Talk Playdoh: a lightweight Python library for distributed computing and optimisation

Presented by Cyrille Rossant in Scientific track 2010 on 2010/07/11 from 14:00 to 14:30 in room Dussane
Abstract

authors: Cyrille Rossant, Bertrand Fontaine, Dan Goodman

Scientists increasingly require high performance computing. As the clock frequency of processors is limited by physical constraints, parallel computing is becoming an essential paradigm in scientific research. This is particularly the case for optimisation tasks since many global optimisation algorithms are mostly embarrassingly parallel. Supercomputers or large-scale computer clusters offer an efficient but expensive way of distributing computations over hundreds of computers. General-purpose computing on graphics processing units (GPUs) is a cheap and interesting alternative to supercomputers, although it can require scientists to invest in adapting their computations to the particular architecture of these devices.

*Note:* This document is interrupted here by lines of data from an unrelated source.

lemma bdd_above_f0_div_f1:
  assumes "\<gamma> > 0"
  shows "bdd_above (range (\<lambda>z. f0 z / f1 \<gamma> z))"
proof -
  have "\<forall>\<^sub>F z in at_infinity. f0 z / f1 \<gamma> z < 1"
    using f0_div_f1_tendsto_0[OF assms] by (rule order_tendstoD) simp
  then obtain R where R: "\<And>z. R \<le> \<bar>z\<bar> \<Longrightarrow> f0 z / f1 \<gamma> z < 1"
    unfolding eventually_at_infinity by auto
  have "f0 z / f1 \<gamma> z \<le> max 1 (f0 0 / f1 \<gamma> R)" for z
  proof (cases "R \<le> \<bar>z\<bar>")
    case True
    then show ?thesis
      using R[of z] by simp
  next
    case False
    then have "f0 z / f1 \<gamma> z \<le> f0 0 / f1 \<gamma> R"
      using assms f0_pos f1_pos[OF assms]
      by (intro frac_le f0_antimono f1_antimono) (auto intro: less_imp_le)
    then show ?thesis
      by simp
  qed
  then show ?thesis
    by (intro bdd_aboveI2)
qed

lemma fmix_abs [simp]: "fmix \<gamma> s \<bar>z\<bar> = fmix \<gamma> s z"
  by (simp add: fmix_def)

lemma fmix_pos:
  assumes "\<gamma> > 0" "0 \<le> s" "s \<le> 1"
  shows "0 < fmix \<gamma> s z"
proof -
  have "0 < min (f0 z) (f1 \<gamma> z)"
    using f0_pos f1_pos[OF assms(1)] by simp
  also have "\<dots> = (1 - s) * min (f0 z) (f1 \<gamma> z) + s * min (f0 z) (f1 \<gamma> z)"
    by (simp add: algebra_simps)
  also have "\<dots> \<le> fmix \<gamma> s z"
    unfolding fmix_def using assms by (intro add_mono mult_left_mono) auto
  finally show ?thesis .
qed

lemma fmix_antimono:
  assumes "\<gamma> > 0" "0 \<le> s" "s \<le> 1" "\<bar>z\<^sub>1\<bar> \<le> \<bar>z\<^sub>2\<bar>"
  shows "fmix \<gamma> s z\<^sub>2 \<le> fmix \<gamma> s z\<^sub>1"
  unfolding fmix_def using assms
  by (intro add_mono mult_left_mono f0_antimono f1_antimono) auto

lemma continuous_on_fmix: "\<gamma> > 0 \<Longrightarrow> continuous_on UNIV (fmix \<gamma> s)"
  unfolding fmix_def[abs_def] using continuous_on_f0 continuous_on_f1
  by (intro continuous_intros) auto

theorem lemmaS3:
  fixes \<gamma> s :: real
  assumes "\<gamma> > 0" and "0 < s" and "s < 1"
  shows
   "(\<forall>z::real. set_integrable lborel {0<..} (\<lambda>u. normal_density 0 (sqrt u) z * Hmix \<gamma> u))
    \<and> (\<forall>z::real. 0 < f0 z \<and> f0 z = f0 \<bar>z\<bar> \<and> f0 z \<le> f0 0)
    \<and> (\<forall>z::real. 0 < f1 \<gamma> z \<and> f1 \<gamma> z = f1 \<gamma> \<bar>z\<bar> \<and> f1 \<gamma> z \<le> f1 \<gamma> 0)
    \<and> (\<forall>z::real. 0 < fmix \<gamma> s z \<and> fmix \<gamma> s z = fmix \<gamma> s \<bar>z\<bar> \<and> fmix \<gamma> s z \<le> fmix \<gamma> s 0)
    \<and> continuous_on {0..} f0 \<and> continuous_on {0..} (f1 \<gamma>) \<and> continuous_on {0..} (fmix \<gamma> s)
    \<and> (\<forall>r1 r2::real. 0 \<le> r1 \<longrightarrow> r1 \<le> r2 \<longrightarrow>
         f0 r2 \<le> f0 r1 \<and> f1 \<gamma> r2 \<le> f1 \<gamma> r1 \<and> fmix \<gamma> s r2 \<le> fmix \<gamma> s r1)
    \<and> ((\<lambda>z::real. f0 z / f1 \<gamma> z) \<longlongrightarrow> 0) at_infinity
    \<and> bdd_above (range (\<lambda>z::real. f0 z / f1 \<gamma> z))
    \<and> (\<exists>C1>0. \<forall>z::real. z \<noteq> 0 \<longrightarrow>
         f1 \<gamma> z \<le> C1 / \<bar>z\<bar> * (1 + ln (1 + \<bar>z\<bar>^2)) powr (-1 - \<gamma>))
    \<and> (\<exists>C2>0. \<forall>z::real. \<bar>z\<bar> \<ge> 1 \<longrightarrow>
         f1 \<gamma> z \<ge> C2 / \<bar>z\<bar> * (1 + ln (1 + \<bar>z\<bar>^2)) powr (-1 - \<gamma>))
    \<and> (\<exists>C3>0. \<forall>z::real. f1 \<gamma> z \<le> C3 / (1 + \<bar>z\<bar>))
    \<and> (\<exists>C4>0. \<forall>y \<mu> \<sigma> :: real. \<sigma> > 0 \<longrightarrow>
         \<bar>y\<bar> * f1 \<gamma> ((y - \<mu>) / \<sigma>) \<le> \<bar>y\<bar> * f1 \<gamma> ((\<bar>y\<bar> - \<bar>\<mu>\<bar>) / \<sigma>)
         \<and> \<bar>y\<bar> * f1 \<gamma> ((\<bar>y\<bar> - \<bar>\<mu>\<bar>) / \<sigma>) \<le> C4 * (\<sigma> + \<bar>\<mu>\<bar>))"
proof -
  note \<gamma> = \<open>\<gamma> > 0\<close>
  have s: "0 \<le> s" "s \<le> 1"
    using assms by auto
  have "\<forall>z. 0 < f0 z \<and> f0 z = f0 \<bar>z\<bar> \<and> f0 z \<le> f0 0"
    "\<forall>z. 0 < f1 \<gamma> z \<and> f1 \<gamma> z = f1 \<gamma> \<bar>z\<bar> \<and> f1 \<gamma> z \<le> f1 \<gamma> 0"
    "\<forall>z. 0 < fmix \<gamma> s z \<and> fmix \<gamma> s z = fmix \<gamma> s \<bar>z\<bar> \<and> fmix \<gamma> s z \<le> fmix \<gamma> s 0"
    "\<forall>r1 r2::real. 0 \<le> r1 \<longrightarrow> r1 \<le> r2 \<longrightarrow>
       f0 r2 \<le> f0 r1 \<and> f1 \<gamma> r2 \<le> f1 \<gamma> r1 \<and> fmix \<gamma> s r2 \<le> fmix \<gamma> s r1"
    using f0_pos f1_pos[OF \<gamma>] fmix_pos[OF \<gamma> s]
    by (auto intro: f0_antimono f1_antimono[OF \<gamma>] fmix_antimono[OF \<gamma> s])
  moreover have "continuous_on {0..} f0" "continuous_on {0..} (f1 \<gamma>)" "continuous_on {0..} (fmix \<gamma> s)"
    using continuous_on_f0 continuous_on_f1[OF \<gamma>] continuous_on_fmix[OF \<gamma>]
    by (auto intro: continuous_on_subset)
  ultimately show ?thesis
    unfolding mix_integrand_def[symmetric]
    using set_integrable_mix_integrand[OF \<gamma>] f0_div_f1_tendsto_0[OF \<gamma>] bdd_above_f0_div_f1[OF \<gamma>]
      f1_upper_bound[OF \<gamma>] f1_lower_bound[OF \<gamma>] f1_le_div_one_plus_abs[OF \<gamma>]
      f1_location_scale_bound[OF \<gamma>]
    by blast
qed

end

Most labs have many interconnected computers already installed which often contain multiple cores (CPUs). Many of these computers also have GPUs, or could be inexpensively fitted with them. Playdoh addresses precisely this situation: it is a lightweight standalone Python library for turning lab computers into a small cluster at no cost. It allows distributing computational tasks, in particular optimisations, over a set of interconnected machines. It has built-in support for multiple CPUs, GPUs, and works on both UNIX and Windows systems. It is primarily intended to Scipy users who want a simple and transparent way for distributing their computations and optimisations.

The machines to be included in the cluster only need to have Python and Playdoh installed. Each machine then continuously listens for incoming task requests from other computers in the cluster, while it still can be used by the machine’s user in parallel. Tasks can be submitted to the cluster from any of the cluster’s machines.

Playdoh offers two interfaces for distributing computations in the cluster. The asynchronous interface implements the single instruction, multiple data (SIMD) paradigm: the submitter specifies a Python function and a list of arguments to evaluate the function on. These jobs are split among the computers which process them using some or all of their CPUs/GPUs. The machines assign unique identifiers to the jobs and instantaneously return them to the submitter. These identifiers allow the latter to asynchronously poll for the jobs’ status and retrieve the results. On any machine, the number of CPUs/GPUs dedicated to the cluster can be changed at any time by the machine’s user.

The synchronous interface is used when the tasks cannot be distributed independently over the cluster’s machines but need to synchronise regularly. It is most notably the case for optimisations. These tasks consist of iterative instruction flows processed in parallel on the machines and containing synchronisation points. Automatic inter-machine communication is allowed at these points according to a user-specified oriented graph. Playdoh currently has built-in implementations of particle swarm optimisation algorithms, genetic algorithms and evolutionary algorithms. It allows the user to easily optimise in parallel any specified fitness function.

Playdoh is designed to be as transparent as possible to the user: it handles low-level implementation details such as network communication, multithreading, multiprocessing, GPU support with PyCUDA, automatic Python code transport at runtime, and distant exception handling. It is already used by a spiking neuron model fitting library written in Python and using the “Brian” neural network simulator. We think Playdoh will interest anyone who wants a straightforward solution for leveraging the power of several interconnected computers for distributing computations and optimisations.